Notes¶

Notes

tiny_norm now provides three normalisation layers: LayerNorm, BatchNorm1D, and BatchNorm2D. BatchNorm layers default to inference mode, using running_mean/running_var so MCU deployment can directly match PC-trained checkpoints.

LayerNorm¶

LayerNorm normalises along the last dimension (feat) without running statistics:

\[ \mu = \frac{1}{F}\sum_f x_f,\quad \sigma^2 = \frac{1}{F}\sum_f (x_f-\mu)^2,\quad \hat{x}_f = \frac{x_f-\mu}{\sqrt{\sigma^2+\varepsilon}} \]

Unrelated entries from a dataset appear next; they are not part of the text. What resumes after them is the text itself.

text \<open>Give the formal variables the weights \<open>eps \<mapsto> -3\<close>, \<open>t_k \<mapsto> 2k - 2\<close>,
  \<open>s_l \<mapsto> 2l - 1\<close> and the jet variables \<open>w^(i) \<mapsto> 2i - 2\<close>, \<open>rho^(i) \<mapsto> 2i - 1\<close>,
  \<open>eps \<mapsto> -3\<close>. Then \<open>Q_n\<close> and \<open>R_n\<close> are homogeneous of weights \<open>-2 - 2n\<close> and
  \<open>-1 - 2n\<close>, and so is \<open>K_n\<close> of weight \<open>-2 - 2n\<close>: its x-derivative is homogeneous, and
  the x-derivative raises weights by 2 and kills only polynomials in eps. The flow
  equations express every coefficient of \<open>w\<close> and \<open>rho\<close> containing a higher time
  \<open>t_(k+1)\<close> or \<open>s_l\<close> through coefficients with one higher time less, and the initial
  data \<open>w = t_0\<close>, \<open>rho = 0\<close> are homogeneous; by induction on the number of higher times,
  \<open>w\<close> and \<open>rho\<close> are homogeneous of weights -2 and -1. The same argument applied once
  more shows that \<open>eps log tau_2\<close> is homogeneous of weight -3, and the weight of the
  monomial \<open>eps^p t_k1 ... t_km s_l1 ... s_ln\<close> is \<open>-3p + \<Sum>(2k_i - 2) + \<Sum>(2l_j - 1)\<close>.\<close>

section \<open>Weighted homogeneous polynomials\<close>

definition mon_weight :: "('v \<Rightarrow> 'a::comm_semiring_1) \<Rightarrow> ('v \<Rightarrow>\<^sub>0 nat) \<Rightarrow> 'a" where
  "mon_weight wt m = (\<Sum>v\<in>Poly_Mapping.keys m. of_nat (Poly_Mapping.lookup m v) * wt v)"

lemma mon_weight_superset:
  assumes "finite A" "Poly_Mapping.keys m \<subseteq> A"
  shows "mon_weight wt m = (\<Sum>v\<in>A. of_nat (Poly_Mapping.lookup m v) * wt v)"
  unfolding mon_weight_def
  by (rule sum.mono_neutral_left) (use assms in \<open>auto simp: in_keys_iff\<close>)

lemma mon_weight_add: "mon_weight wt (a + b) = mon_weight wt a + mon_weight wt b"
proof -
  let ?A = "Poly_Mapping.keys a \<union> Poly_Mapping.keys b"
  have "mon_weight wt (a + b) = (\<Sum>v\<in>?A. of_nat (Poly_Mapping.lookup (a + b) v) * wt v)"
    by (rule mon_weight_superset) (auto dest: keys_add[THEN subsetD])
  also have "\<dots> = mon_weight wt a + mon_weight wt b"
    by (simp add: mon_weight_superset[where A = ?A] lookup_add sum.distrib algebra_simps)
  finally show ?thesis .
qed

lemma mon_weight_zero [simp]: "mon_weight wt 0 = 0"
  by (simp add: mon_weight_def)

lemma mon_weight_single [simp]: "mon_weight wt (Poly_Mapping.single v n) = of_nat n * wt v"
  by (cases "n = 0") (simp_all add: mon_weight_def)

lemma mon_weight_sum_list: "mon_weight wt (\<Sum>x\<leftarrow>xs. f x) = (\<Sum>x\<leftarrow>xs. mon_weight wt (f x))"
  by (induction xs) (simp_all add: mon_weight_add)

lemma diff_single_add_cancel:
  fixes m :: "'v \<Rightarrow>\<^sub>0 nat"
  assumes "v \<in> Poly_Mapping.keys m"
  shows "m - Poly_Mapping.single v 1 + Poly_Mapping.single v 1 = m"
  using assms
  by (intro poly_mapping_eqI) (auto simp: in_keys_iff lookup_add lookup_minus lookup_single when_def)

lemma mon_weight_diff_single:
  assumes "v \<in> Poly_Mapping.keys m"
  shows "mon_weight wt (m - Poly_Mapping.single v 1) = mon_weight wt m - (wt v :: 'a::comm_ring_1)"
  using mon_weight_add[of wt "m - Poly_Mapping.single v 1" "Poly_Mapping.single v 1"]
  unfolding diff_single_add_cancel[OF assms] by simp

definition weighted_homogeneous ::
    "('v \<Rightarrow> int) \<Rightarrow> int \<Rightarrow> (('v \<Rightarrow>\<^sub>0 nat) \<Rightarrow>\<^sub>0 'a::comm_semiring_1) \<Rightarrow> bool" where
  "weighted_homogeneous wt d P \<longleftrightarrow> (\<forall>m\<in>Poly_Mapping.keys P. mon_weight wt m = d)"

lemma weighted_homogeneous_single: "weighted_homogeneous wt (mon_weight wt m) (Poly_Mapping.single m c)"
  by (simp add: weighted_homogeneous_def)

lemma weighted_homogeneous_add:
  "weighted_homogeneous wt d P \<Longrightarrow> weighted_homogeneous wt d Q \<Longrightarrow> weighted_homogeneous wt d (P + Q)"
  unfolding weighted_homogeneous_def using keys_add[of P Q] by blast

lemma weighted_homogeneous_diff:
  fixes P Q :: "('v \<Rightarrow>\<^sub>0 nat) \<Rightarrow>\<^sub>0 'a::comm_ring_1"
  shows "weighted_homogeneous wt d P \<Longrightarrow> weighted_homogeneous wt d Q \<Longrightarrow> weighted_homogeneous wt d (P - Q)"
  unfolding weighted_homogeneous_def using keys_diff[of P Q] by blast

lemma weighted_homogeneous_mult:
  assumes "weighted_homogeneous wt d1 P" "weighted_homogeneous wt d2 Q"
  shows "weighted_homogeneous wt (d1 + d2) (P * Q)"
  using assms keys_mult[of P Q] unfolding weighted_homogeneous_def by (force simp: mon_weight_add)

lemma weighted_homogeneous_multI:
  "weighted_homogeneous wt d1 P \<Longrightarrow> weighted_homogeneous wt d2 Q \<Longrightarrow> d = d1 + d2 \<Longrightarrow>
    weighted_homogeneous wt d (P * Q)"
  by (simp add: weighted_homogeneous_mult)

section \<open>Weights of jet variables and the x-derivative\<close>

fun dweight :: "dvar \<Rightarrow> int" where
  "dweight (W i) = 2 * int i - 2"
| "dweight (Rho i) = 2 * int i - 1"
| "dweight Eps = -3"

abbreviation dhomog :: "int \<Rightarrow> dpoly \<Rightarrow> bool" where
  "dhomog \<equiv> weighted_homogeneous dweight"

lemma dhomog_dconst: "dhomog 0 (dconst c)"
  unfolding dconst_def using weighted_homogeneous_single[of dweight 0 c] by simp

lemma dhomog_dvarp: "dhomog (dweight v) (dvarp v)"
  unfolding dvarp_def using weighted_homogeneous_single[of dweight "Poly_Mapping.single v 1" 1] by simp

fun jet_shift :: "dvar \<Rightarrow> dvar" where
  "jet_shift (W i) = W (Suc i)"
| "jet_shift (Rho i) = Rho (Suc i)"
| "jet_shift Eps = Eps"

lemma dweight_jet_shift: "v \<noteq> Eps \<Longrightarrow> dweight (jet_shift v) = dweight v + 2"
  by (cases v) auto

lemma jet_shift_inject: "u \<noteq> Eps \<Longrightarrow> v \<noteq> Eps \<Longrightarrow> jet_shift u = jet_shift v \<longleftrightarrow> u = v"
  by (cases u; cases v) auto

lemma jet_shift_not_Eps: "v \<noteq> Eps \<Longrightarrow> jet_shift v \<noteq> Eps"
  by (cases v) auto

lemma lookup_dconst_mult: "Poly_Mapping.lookup (dconst c * P) m = c * Poly_Mapping.lookup P m"
  unfolding dconst_def mult_map_scale_conv_mult[symmetric]
  by (simp add: Poly_Mapping.map.rep_eq when_def)

lemma lookup_Dx:
  "Poly_Mapping.lookup (Dx P) t =
     (\<Sum>m\<in>Poly_Mapping.keys P. Poly_Mapping.lookup P m *
       (\<Sum>u\<in>Poly_Mapping.keys m.
          if u \<noteq> Eps \<and> t = m - Poly_Mapping.single u 1 + Poly_Mapping.single (jet_shift u) 1
          then of_nat (Poly_Mapping.lookup m u) else 0))"
proof -
  have "Poly_Mapping.lookup (Poly_Mapping.single (m - Poly_Mapping.single u 1) c * Dv u) t =
          (if u \<noteq> Eps \<and> t = m - Poly_Mapping.single u 1 + Poly_Mapping.single (jet_shift u) 1
           then c else 0)" for m u c
    by (cases u) (auto simp: Dv_def dvarp_def mult_single lookup_single when_def)
  then show ?thesis
    unfolding Dx_def Dmon_def by (simp only: lookup_sum lookup_dconst_mult)
qed

lemma Dx_superset:
  assumes "finite A" "Poly_Mapping.keys P \<subseteq> A"
  shows "Dx P = (\<Sum>m\<in>A. dconst (Poly_Mapping.lookup P m) * Dmon m)"
  unfolding Dx_def
  by (rule sum.mono_neutral_left) (use assms in \<open>auto simp: in_keys_iff dconst_def\<close>)

lemma Dx_add: "Dx (P + Q) = Dx P + Dx Q"
proof -
  let ?A = "Poly_Mapping.keys P \<union> Poly_Mapping.keys Q"
  have "dconst (a + b) = dconst a + dconst b" for a b
    by (simp add: dconst_def single_add)
  moreover have "Dx R = (\<Sum>m\<in>?A. dconst (Poly_Mapping.lookup R m) * Dmon m)" if "R \<in> {P, Q, P + Q}" for R
    by (rule Dx_superset) (use that keys_add[of P Q] in auto)
  ultimately show ?thesis
    by (simp add: lookup_add sum.distrib distrib_right)
qed

lemma keys_Dx_weight:
  assumes "t \<in> Poly_Mapping.keys (Dx P)"
  obtains m where "m \<in> Poly_Mapping.keys P" "mon_weight dweight t = mon_weight dweight m + 2"
proof -
  from assms obtain m u where m: "m \<in> Poly_Mapping.keys P" and u: "u \<in> Poly_Mapping.keys m"
    and "u \<noteq> Eps" and t: "t = m - Poly_Mapping.single u 1 + Poly_Mapping.single (jet_shift u) 1"
    unfolding in_keys_iff lookup_Dx
    by (auto elim!: sum.not_neutral_contains_not_neutral split: if_splits)
  then have "mon_weight dweight t = mon_weight dweight m + 2"
    using mon_weight_diff_single[OF u, of dweight] by (simp add: mon_weight_add dweight_jet_shift)
  with m show thesis by (rule that)
qed

lemma dhomog_Dx: "dhomog d P \<Longrightarrow> dhomog (d + 2) (Dx P)"
  unfolding weighted_homogeneous_def by (metis keys_Dx_weight)

definition top_weight :: "(dvar \<Rightarrow>\<^sub>0 nat) \<Rightarrow> int" where
  "top_weight m = Max (dweight ` (Poly_Mapping.keys m - {Eps}))"

lemma dweight_le_top_weight: "v \<in> Poly_Mapping.keys m \<Longrightarrow> v \<noteq> Eps \<Longrightarrow> dweight v \<le> top_weight m"
  unfolding top_weight_def by (rule Max_ge) auto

\[ y_f = \gamma_f \hat{x}_f + \beta_f \]

Learnable params: gamma/beta of shape [feat].
Default epsilon=1e-5.
Works with any rank as long as the last dim equals feat.

BatchNorm1D (Dense / MLP)¶

Input/output: [batch, feat].
Constructor: BatchNorm1D(int feat, float momentum=0.1f, float epsilon=1e-5f).
Training mode: computes per-feature batch mu/var and updates running stats:
running_mean = (1-m) * running_mean + m * mu
running_var = (1-m) * running_var + m * var
Inference mode: fuses each feature to scale+shift constants.

BatchNorm2D (Conv outputs)¶

Input/output: [N,C,L] (Conv1D) or [N,C,H,W] (Conv2D), same shape out.
Constructor: BatchNorm2D(int num_channels, float momentum=0.1f, float epsilon=1e-5f).
Statistics are computed per channel over all non-channel axes (N * spatial).
Inference mode also uses fused running_mean/running_var.

Training / Inference switch¶

Both BatchNorm1D and BatchNorm2D expose:

bn->set_training(true);   // batch stats + running-stat update
bn->set_training(false);  // running stats only

At model level:

model.set_training_mode(true);   // training
model.set_training_mode(false);  // inference

Practical guidance¶

Deployment inference: load gamma/beta/running_mean/running_var from PC training and keep training_mode=false.
Very small batches: prefer LayerNorm for more stable behavior.
Updated demos: example_mlp now includes a BatchNorm1D demo; example_cnn includes a BatchNorm2D demo with explicit mode switching and running-stat inspection.